Temporal preference as a unique dimension of spoken dialogue: Issues like interruption and silence are non-existent in textual dialogues. Decoupling content and temporal preferences and analyzing their mixture ratio reveals the unique complexity of speech-based alignment.

Limitations & Future Work¶

Re-synthesizing user voice with TTS loses speaker identity and subtle prosody cues, which may impact the realism of the preference data.
The preference data mainly focuses on the first problematic response of the dialogue, and the alignment effect decays during long dialogues (>2 minutes).
The framework is evaluated only on Moshi, although the pipeline itself is model-agnostic.
When there is a prominent discrepancy in voice between the source and target models, cross-model transferability can diverge.
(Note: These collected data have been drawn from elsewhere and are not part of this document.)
(* There is no equal norm tight integer frame with an odd number of elements in $\mathcal{H}_2$.
   Context: $\mathcal{H}_M$ is the real $M$-dimensional Hilbert space, identified with $\mathbb{R}^M$ via a fixed orthonormal basis. An equal norm tight integer frame (ENTIF) with $N$ elements in $\mathcal{H}_M$ is an $M\times N$ integer matrix $A$ of rank $M$ with $AA^T=\lambda I_M$ for some $\lambda>0$ and all columns of the same Euclidean norm. *)

theory Defs
  imports Complex_Main "Jordan_Normal_Form.DL_Rank"
begin

definition ENTIF :: "nat \<Rightarrow> nat \<Rightarrow> int mat \<Rightarrow> bool" where
  "ENTIF M N A \<longleftrightarrow>
     A \<in> carrier_mat M N \<and>
     vec_space.rank M (map_mat real_of_int A :: real mat) = M \<and>
     (\<exists>c::real. c > 0 \<and>
        map_mat real_of_int (A * transpose_mat A) = c \<cdot>\<^sub>m (1\<^sub>m M)) \<and>
     (\<forall>j < N. \<forall>k < N. sqrt (\<Sum>i<M. real_of_int (A $$ (i, j))^2)
                          = sqrt (\<Sum>i<M. real_of_int (A $$ (i, k))^2))"

end

theory Submission
  imports Defs
begin

text \<open>Let the two rows of a putative frame be \<open>a\<close> and \<open>b\<close>, so that \<open>a\<^sub>j\<^sup>2 + b\<^sub>j\<^sup>2 = c\<close> for every
column \<open>j\<close>, \<open>\<Sum> a\<^sub>j b\<^sub>j = 0\<close> and \<open>\<Sum> a\<^sub>j\<^sup>2 = \<Sum> b\<^sub>j\<^sup>2\<close>. Summing the column norms gives
\<open>N c = 2 \<Sum> a\<^sub>j\<^sup>2\<close>, so \<open>c\<close> is even when \<open>N\<close> is odd. If \<open>c \<equiv> 2 (mod 4)\<close>, every \<open>a\<^sub>j\<close> and \<open>b\<^sub>j\<close>
is odd and \<open>\<Sum> a\<^sub>j b\<^sub>j\<close> is a sum of an odd number of odd terms, which cannot vanish. Hence
\<open>c \<equiv> 0 (mod 4)\<close>, all entries are even, and halving them gives a smaller solution;
by infinite descent all entries vanish, contradicting \<open>c > 0\<close>.\<close>

lemma int_power2_mod_4: "(x::int)\<^sup>2 mod 4 = (if even x then 0 else 1)"
proof (cases "even x")
  case True
  then obtain k where "x = 2 * k" by blast
  then show ?thesis by (simp add: power2_eq_square)
next
  case False
  then obtain k where "x = 2 * k + 1" using oddE by blast
  then have "x\<^sup>2 = 4 * (k * k + k) + 1" by (simp add: power2_eq_square algebra_simps)
  then have "x\<^sup>2 mod 4 = (4 * (k * k + k) + 1) mod 4" by simp
  also have "\<dots> = 1" by presburger
  finally show ?thesis using False by simp
qed

lemma sum_two_squares_mod_4:
  "((x::int)\<^sup>2 + y\<^sup>2) mod 4 = (if even x then 0 else 1) + (if even y then 0 else 1)"
proof -
  have "((x::int)\<^sup>2 + y\<^sup>2) mod 4 = (x\<^sup>2 mod 4 + y\<^sup>2 mod 4) mod 4"
    by (rule mod_add_eq[symmetric])
  then show ?thesis by (simp add: int_power2_mod_4)
qed

lemma odd_sum_odd_terms:
  fixes f :: "'a \<Rightarrow> int"
  assumes "finite A" "odd (card A)" "\<And>x. x \<in> A \<Longrightarrow> odd (f x)"
  shows "odd (sum f A)"
proof -
  have "{x \<in> A. odd (f x)} = A" using assms(3) by blast
  then show ?thesis using assms(1,2) by (simp add: even_sum_iff)
qed

definition tight_rows :: "nat \<Rightarrow> (nat \<Rightarrow> int) \<Rightarrow> (nat \<Rightarrow> int) \<Rightarrow> int \<Rightarrow> bool" where
  "tight_rows N a b c \<longleftrightarrow>
     (\<forall>j<N. (a j)\<^sup>2 + (b j)\<^sup>2 = c) \<and>
     (\<Sum>j<N. a j * b j) = 0 \<and>
     (\<Sum>j<N. (a j)\<^sup>2) = (\<Sum>j<N. (b j)\<^sup>2)"

lemma tight_rows_even_norm:
  assumes "tight_rows N a b c" "odd N"
  shows "even c"
proof -
  have "int N * c = (\<Sum>j<N. (a j)\<^sup>2 + (b j)\<^sup>2)"
    using assms(1) by (simp add: tight_rows_def)
  also have "\<dots> = 2 * (\<Sum>j<N. (a j)\<^sup>2)"
    using assms(1) unfolding tight_rows_def sum.distrib by simp
  finally show ?thesis using assms(2) by (metis dvd_triv_left even_mult_iff even_of_nat)
qed

lemma tight_rows_entries_even:
  assumes tight: "tight_rows N a b c" and "odd N" and "j < N"
  shows "even (a j) \<and> even (b j)"
proof -
  have norm: "\<And>k. k < N \<Longrightarrow> c mod 4 = (if even (a k) then 0 else 1) + (if even (b k) then 0 else 1)"
    using tight by (auto simp: tight_rows_def sum_two_squares_mod_4[symmetric])
  have "c mod 4 \<noteq> 2"
  proof
    assume "c mod 4 = 2"
    then have "\<And>k. k < N \<Longrightarrow> odd (a k * b k)"
      using norm by (fastforce split: if_splits)
    then have "odd (\<Sum>k<N. a k * b k)"
      using \<open>odd N\<close> by (intro odd_sum_odd_terms) auto
    then show False using tight by (simp add: tight_rows_def)
  qed
  moreover have "even (c mod 4)"
    using tight_rows_even_norm[OF tight \<open>odd N\<close>] by presburger
  ultimately have "c mod 4 = 0" using norm[OF \<open>j < N\<close>] by (auto split: if_splits)
  then show ?thesis using norm[OF \<open>j < N\<close>] by (auto split: if_splits)
qed

lemma tight_rows_halve:
  assumes tight: "tight_rows N a b c" and even: "\<And>j. j < N \<Longrightarrow> even (a j) \<and> even (b j)"
  shows "tight_rows N (\<lambda>j. a j div 2) (\<lambda>j. b j div 2) (c div 4)"
proof -
  define a' b' where "a' j = a j div 2" and "b' j = b j div 2" for j
  have a: "a j = 2 * a' j" and b: "b j = 2 * b' j" if "j < N" for j
    using even[OF that] by (auto simp: a'_def b'_def)
  have "(a' j)\<^sup>2 + (b' j)\<^sup>2 = c div 4" if "j < N" for j
  proof -
    have "c = (a j)\<^sup>2 + (b j)\<^sup>2" using tight that by (simp add: tight_rows_def)
    also have "\<dots> = 4 * ((a' j)\<^sup>2 + (b' j)\<^sup>2)" using a[OF that] b[OF that] by simp
    finally show ?thesis by simp
  qed
  moreover have "(\<Sum>j<N. a j * b j) = 4 * (\<Sum>j<N. a' j * b' j)"
    using a b by (simp add: sum_distrib_left)
  moreover have "(\<Sum>j<N. (a j)\<^sup>2) = 4 * (\<Sum>j<N. (a' j)\<^sup>2)"
    and "(\<Sum>j<N. (b j)\<^sup>2) = 4 * (\<Sum>j<N. (b' j)\<^sup>2)"
    using a b by (simp_all add: sum_distrib_left power_mult_distrib)
  ultimately show ?thesis
    using tight unfolding tight_rows_def a'_def[symmetric] b'_def[symmetric] by auto
qed

lemma tight_rows_odd_norm_zero:
  assumes "tight_rows N a b c" "odd N"
  shows "c = 0"
  using assms
proof (induction "nat c" arbitrary: a b c rule: less_induct)
  case less
  have N_pos: "0 < N" using \<open>odd N\<close> by (cases N) auto
  have c: "c = (a 0)\<^sup>2 + (b 0)\<^sup>2"
    using less.prems(1) N_pos by (simp add: tight_rows_def)
  have even: "\<And>j. j < N \<Longrightarrow> even (a j) \<and> even (b j)"
    using tight_rows_entries_even less.prems by blast
  have "4 dvd c"
    using c even[OF N_pos] by (simp add: dvd_eq_mod_eq_0 sum_two_squares_mod_4)
  moreover have "c div 4 = 0" if "c \<noteq> 0"
  proof (rule less.hyps)
    have "0 \<le> c" by (simp add: c)
    then show "nat (c div 4) < nat c" using that by (simp add: nat_less_eq_zless)
    show "tight_rows N (\<lambda>j. a j div 2) (\<lambda>j. b j div 2) (c div 4)"
      using tight_rows_halve[OF less.prems(1) even] .
  qed (use less.prems in blast)
  ultimately show "c = 0" by fastforce
qed

lemma tight_rows_odd_zero:
  assumes "tight_rows N a b c" "odd N" "j < N"
  shows "a j = 0 \<and> b j = 0"
  using assms tight_rows_odd_norm_zero[OF assms(1,2)] by (simp add: tight_rows_def)

lemma ENTIF_row_inner_products:
  assumes "ENTIF M N A"
  obtains c :: real where "c > 0"
    and "\<And>i k. i < M \<Longrightarrow> k < M \<Longrightarrow>
           real_of_int (\<Sum>j<N. A $$ (i, j) * A $$ (k, j)) = (if i = k then c else 0)"
proof -
  from assms obtain c :: real where "c > 0"
    and gram: "map_mat real_of_int (A * transpose_mat A) = c \<cdot>\<^sub>m 1\<^sub>m M"
    and A: "A \<in> carrier_mat M N"
    unfolding ENTIF_def by blast
  have "real_of_int (\<Sum>j<N. A $$ (i, j) * A $$ (k, j)) = (if i = k then c else 0)"
    if "i < M" "k < M" for i k
  proof -
    have "(A * transpose_mat A) $$ (i, k) = (\<Sum>j<N. A $$ (i, j) * A $$ (k, j))"
      using A that by (auto simp: scalar_prod_def lessThan_atLeast0)
    then show ?thesis
      using arg_cong[OF gram, of "\<lambda>B. B $$ (i, k)"] A that by simp
  qed
  with \<open>c > 0\<close> show ?thesis using that by blast
qed

lemma ENTIF_column_norms_eq:
  assumes "ENTIF M N A" "j < N" "k < N"
  shows "(\<Sum>i<M. (A $$ (i, j))\<^sup>2) = (\<Sum>i<M. (A $$ (i, k))\<^sup>2)"
proof -
  have "sqrt (\<Sum>i<M. real_of_int (A $$ (i, j))^2) = sqrt (\<Sum>i<M. real_of_int (A $$ (i, k))^2)"
    using assms unfolding ENTIF_def by blast
  then have "real_of_int (\<Sum>i<M. (A $$ (i, j))\<^sup>2) = real_of_int (\<Sum>i<M. (A $$ (i, k))\<^sup>2)"
    by simp
  then show ?thesis by (simp only: of_int_eq_iff)
qed

lemma ENTIF_2_tight_rows:
  assumes "ENTIF 2 N A" "0 < N"
  shows "tight_rows N (\<lambda>j. A $$ (0, j)) (\<lambda>j. A $$ (1, j)) ((A $$ (0, 0))\<^sup>2 + (A $$ (1, 0))\<^sup>2)"
proof -
  obtain c where inner: "\<And>i k. i < 2 \<Longrightarrow> k < 2 \<Longrightarrow>
      real_of_int (\<Sum>j<N. A $$ (i, j) * A $$ (k, j)) = (if i = k then c else 0)"
    using ENTIF_row_inner_products[OF assms(1)] by blast
  have columns: "(A $$ (0, j))\<^sup>2 + (A $$ (1, j))\<^sup>2 = (A $$ (0, 0))\<^sup>2 + (A $$ (1, 0))\<^sup>2"
    if "j < N" for j
  proof -
    have "{..<2::nat} = {0, 1}" by auto
    then show ?thesis using ENTIF_column_norms_eq[OF assms(1) that assms(2)] by simp
  qed
  have "real_of_int (\<Sum>j<N. A $$ (0, j) * A $$ (1, j)) = 0"
    using inner[of 0 1] by simp
  then have orthogonal: "(\<Sum>j<N. A $$ (0, j) * A $$ (1, j)) = 0"
    by (simp only: of_int_eq_0_iff)
  have "real_of_int (\<Sum>j<N. A $$ (0, j) * A $$ (0, j))
      = real_of_int (\<Sum>j<N. A $$ (1, j) * A $$ (1, j))"
    using inner[of 0 0] inner[of 1 1] by simp
  then have norms: "(\<Sum>j<N. (A $$ (0, j))\<^sup>2) = (\<Sum>j<N. (A $$ (1, j))\<^sup>2)"
    by (simp only: of_int_eq_iff power2_eq_square)
  show ?thesis unfolding tight_rows_def using columns orthogonal norms by blast
qed

theorem theorem4p8:
  fixes N :: nat and A :: "int mat"
  assumes "odd N"
  shows "\<not> ENTIF 2 N A"
proof
  assume frame: "ENTIF 2 N A"
  have "0 < N" using \<open>odd N\<close> by (cases N) auto
  obtain c where "c > 0" and inner: "\<And>i k. i < 2 \<Longrightarrow> k < 2 \<Longrightarrow>
      real_of_int (\<Sum>j<N. A $$ (i, j) * A $$ (k, j)) = (if i = k then c else 0)"
    using ENTIF_row_inner_products[OF frame] by blast
  have "\<forall>j<N. A $$ (0, j) = 0"
    using tight_rows_odd_zero[OF ENTIF_2_tight_rows[OF frame \<open>0 < N\<close>] \<open>odd N\<close>] by blast
  then have "c = 0" using inner[of 0 0] by simp
  with \<open>c > 0\<close> show False by simp
qed

end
vs. Textual DPO/RLHF: Text-based alignment assumes explicit turn boundaries, whereas this work handles unbounded continuous dual-stream dialogues, demanding new definitions for preference pairs and data construction.
vs. TTS Alignment (Zhang et al. 2024): TTS alignment focuses on the audio quality of single-turn generation, whereas this work focuses on content correctness and temporal rationality across multi-turn interactions.
vs. RLAIF: The AI feedback pipeline in this paper shares similar concepts with RLAIF but scales it to the speech modality and introduces preference judgments in the temporal dimension.

Rating¶

Novelty: ⭐⭐⭐⭐⭐ Extends preference alignment to full-duplex spoken dialogue for the first time; both the problem definition and methodology are entirely new.
Experimental Thoroughness: ⭐⭐⭐⭐ Dual validation using objective metrics and human evaluation, with thorough ablation, though it lacks comparisons with a broader set of baseline models.
Writing Quality: ⭐⭐⭐⭐⭐ The paper is well-structured, with a clear motivation and rigorous experimental design.
Value: ⭐⭐⭐⭐⭐ Highly pioneering for alignment research in speech-interactive AI, with a framework generalizable to other full-duplex models.